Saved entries
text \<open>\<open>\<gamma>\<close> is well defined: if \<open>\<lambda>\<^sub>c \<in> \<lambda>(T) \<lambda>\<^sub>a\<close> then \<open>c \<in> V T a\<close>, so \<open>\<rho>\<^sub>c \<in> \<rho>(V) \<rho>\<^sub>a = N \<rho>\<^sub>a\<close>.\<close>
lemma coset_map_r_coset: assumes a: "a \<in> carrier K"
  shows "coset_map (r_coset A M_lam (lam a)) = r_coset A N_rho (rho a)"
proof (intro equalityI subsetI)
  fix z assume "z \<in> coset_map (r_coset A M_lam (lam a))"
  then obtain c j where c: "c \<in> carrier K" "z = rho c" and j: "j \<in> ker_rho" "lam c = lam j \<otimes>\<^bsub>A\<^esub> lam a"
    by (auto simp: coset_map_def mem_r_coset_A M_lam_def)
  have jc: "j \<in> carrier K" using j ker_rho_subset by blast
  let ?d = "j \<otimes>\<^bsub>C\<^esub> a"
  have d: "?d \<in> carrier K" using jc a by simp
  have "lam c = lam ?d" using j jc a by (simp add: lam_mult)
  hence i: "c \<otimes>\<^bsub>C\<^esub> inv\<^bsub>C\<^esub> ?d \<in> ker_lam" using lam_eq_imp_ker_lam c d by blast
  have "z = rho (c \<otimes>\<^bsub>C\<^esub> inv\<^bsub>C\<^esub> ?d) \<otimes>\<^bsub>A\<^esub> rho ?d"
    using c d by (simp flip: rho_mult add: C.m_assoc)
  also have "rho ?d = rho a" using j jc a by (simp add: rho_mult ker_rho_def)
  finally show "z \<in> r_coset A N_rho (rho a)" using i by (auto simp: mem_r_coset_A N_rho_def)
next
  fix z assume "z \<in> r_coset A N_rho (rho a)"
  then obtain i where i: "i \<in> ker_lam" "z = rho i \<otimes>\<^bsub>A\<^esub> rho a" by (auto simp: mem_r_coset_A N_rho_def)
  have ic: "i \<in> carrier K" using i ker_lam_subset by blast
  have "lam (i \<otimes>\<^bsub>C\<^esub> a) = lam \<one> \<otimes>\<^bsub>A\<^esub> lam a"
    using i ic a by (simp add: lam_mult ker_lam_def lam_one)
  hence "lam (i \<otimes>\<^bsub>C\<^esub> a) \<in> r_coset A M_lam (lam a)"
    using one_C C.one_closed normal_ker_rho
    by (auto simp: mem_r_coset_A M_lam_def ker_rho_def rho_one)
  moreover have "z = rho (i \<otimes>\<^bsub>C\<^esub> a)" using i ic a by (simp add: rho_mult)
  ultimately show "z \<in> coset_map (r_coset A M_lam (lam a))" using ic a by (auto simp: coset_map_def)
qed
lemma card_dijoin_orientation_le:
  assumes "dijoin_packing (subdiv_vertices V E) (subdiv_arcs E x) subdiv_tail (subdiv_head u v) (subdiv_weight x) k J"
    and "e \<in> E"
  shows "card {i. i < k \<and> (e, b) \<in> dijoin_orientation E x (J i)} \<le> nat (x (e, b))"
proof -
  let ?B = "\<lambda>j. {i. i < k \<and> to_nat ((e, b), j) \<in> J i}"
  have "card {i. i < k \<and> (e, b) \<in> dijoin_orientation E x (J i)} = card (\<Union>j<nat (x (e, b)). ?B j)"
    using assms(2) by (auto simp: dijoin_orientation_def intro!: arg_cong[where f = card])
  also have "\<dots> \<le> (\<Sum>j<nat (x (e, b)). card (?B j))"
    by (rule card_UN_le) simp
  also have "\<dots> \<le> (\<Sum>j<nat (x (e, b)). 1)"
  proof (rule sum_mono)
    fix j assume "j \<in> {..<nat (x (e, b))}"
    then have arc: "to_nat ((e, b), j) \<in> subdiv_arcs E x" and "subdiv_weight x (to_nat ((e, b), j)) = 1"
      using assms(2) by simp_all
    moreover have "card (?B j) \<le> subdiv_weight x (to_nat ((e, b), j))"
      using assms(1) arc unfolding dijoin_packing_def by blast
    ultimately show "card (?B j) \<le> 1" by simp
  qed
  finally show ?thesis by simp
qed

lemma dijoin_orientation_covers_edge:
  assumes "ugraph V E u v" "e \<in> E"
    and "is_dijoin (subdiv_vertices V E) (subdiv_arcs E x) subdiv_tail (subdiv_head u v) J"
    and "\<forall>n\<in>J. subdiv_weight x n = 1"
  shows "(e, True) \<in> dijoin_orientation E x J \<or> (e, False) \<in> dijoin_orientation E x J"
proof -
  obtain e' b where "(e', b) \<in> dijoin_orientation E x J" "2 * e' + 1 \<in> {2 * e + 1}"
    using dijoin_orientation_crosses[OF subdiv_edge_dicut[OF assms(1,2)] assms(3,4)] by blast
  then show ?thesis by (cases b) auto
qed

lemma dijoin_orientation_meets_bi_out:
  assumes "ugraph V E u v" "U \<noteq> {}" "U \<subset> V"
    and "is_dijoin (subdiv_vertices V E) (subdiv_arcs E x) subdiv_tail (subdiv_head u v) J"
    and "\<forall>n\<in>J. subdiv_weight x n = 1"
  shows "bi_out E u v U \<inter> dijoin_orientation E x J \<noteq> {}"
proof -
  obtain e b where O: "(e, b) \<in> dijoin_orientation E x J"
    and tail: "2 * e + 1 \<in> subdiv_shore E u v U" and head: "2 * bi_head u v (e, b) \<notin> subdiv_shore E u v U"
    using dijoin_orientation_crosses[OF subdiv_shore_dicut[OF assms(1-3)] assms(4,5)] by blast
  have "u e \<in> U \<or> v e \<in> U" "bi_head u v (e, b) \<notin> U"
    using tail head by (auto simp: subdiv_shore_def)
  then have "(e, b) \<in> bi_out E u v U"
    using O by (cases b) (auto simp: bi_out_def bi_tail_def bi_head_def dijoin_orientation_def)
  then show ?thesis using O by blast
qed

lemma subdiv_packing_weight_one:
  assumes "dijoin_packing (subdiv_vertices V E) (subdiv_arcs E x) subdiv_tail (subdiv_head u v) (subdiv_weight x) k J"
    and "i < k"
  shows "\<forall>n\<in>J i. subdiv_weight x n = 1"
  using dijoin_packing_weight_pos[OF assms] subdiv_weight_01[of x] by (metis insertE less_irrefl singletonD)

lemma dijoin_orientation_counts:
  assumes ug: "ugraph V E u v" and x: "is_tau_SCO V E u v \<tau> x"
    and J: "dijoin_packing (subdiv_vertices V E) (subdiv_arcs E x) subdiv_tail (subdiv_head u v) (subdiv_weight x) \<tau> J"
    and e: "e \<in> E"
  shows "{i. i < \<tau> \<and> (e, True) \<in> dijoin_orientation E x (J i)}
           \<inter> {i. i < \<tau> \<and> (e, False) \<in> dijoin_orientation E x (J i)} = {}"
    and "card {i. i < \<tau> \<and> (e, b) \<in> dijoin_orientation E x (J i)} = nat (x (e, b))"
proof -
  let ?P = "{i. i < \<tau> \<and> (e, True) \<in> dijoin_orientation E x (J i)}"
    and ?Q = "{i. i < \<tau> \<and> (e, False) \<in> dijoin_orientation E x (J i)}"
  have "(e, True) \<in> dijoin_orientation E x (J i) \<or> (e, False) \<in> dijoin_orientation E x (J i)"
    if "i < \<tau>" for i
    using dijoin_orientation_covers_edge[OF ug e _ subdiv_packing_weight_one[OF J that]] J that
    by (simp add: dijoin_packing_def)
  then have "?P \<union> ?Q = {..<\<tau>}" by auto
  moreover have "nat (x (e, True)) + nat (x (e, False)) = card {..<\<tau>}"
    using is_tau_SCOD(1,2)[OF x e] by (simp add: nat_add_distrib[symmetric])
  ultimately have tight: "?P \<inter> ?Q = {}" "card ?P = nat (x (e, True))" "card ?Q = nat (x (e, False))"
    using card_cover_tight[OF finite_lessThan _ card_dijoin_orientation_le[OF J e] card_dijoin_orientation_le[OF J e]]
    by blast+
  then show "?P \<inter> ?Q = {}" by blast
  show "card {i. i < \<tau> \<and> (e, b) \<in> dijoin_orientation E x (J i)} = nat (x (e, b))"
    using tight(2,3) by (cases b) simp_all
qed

→ **Prompt**: Nothing but the lines from the top of the records down to the line with "jc a by simp" belongs in the answer; repeat them exactly.

→ **Written response**:
text \<open>\<open>\<gamma>\<close> is well defined: if \<open>\<lambda>\<^sub>c \<in> \<lambda>(T) \<lambda>\<^sub>a\<close> then \<open>c \<in> V T a\<close>, so \<open>\<rho>\<^sub>c \<in> \<rho>(V) \<rho>\<^sub>a = N \<rho>\<^sub>a\<close>.\<close>
lemma coset_map_r_coset: assumes a: "a \<in> carrier K"
  shows "coset_map (r_coset A M_lam (lam a)) = r_coset A N_rho (rho a)"
proof (intro equalityI subsetI)
  fix z assume "z \<in> coset_map (r_coset A M_lam (lam a))"
  then obtain c j where c: "c \<in> carrier K" "z = rho c" and j: "j \<in> ker_rho" "lam c = lam j \<otimes>\<^bsub>A\<^esub> lam a"
    by (auto simp: coset_map_def mem_r_coset_A M_lam_def)
  have jc: "j \<in> carrier K" using j ker_rho_subset by blast
  let ?d = "j \<otimes>\<^bsub>C\<^esub> a"
  have d: "?d \<in> carrier K" using jc a by simp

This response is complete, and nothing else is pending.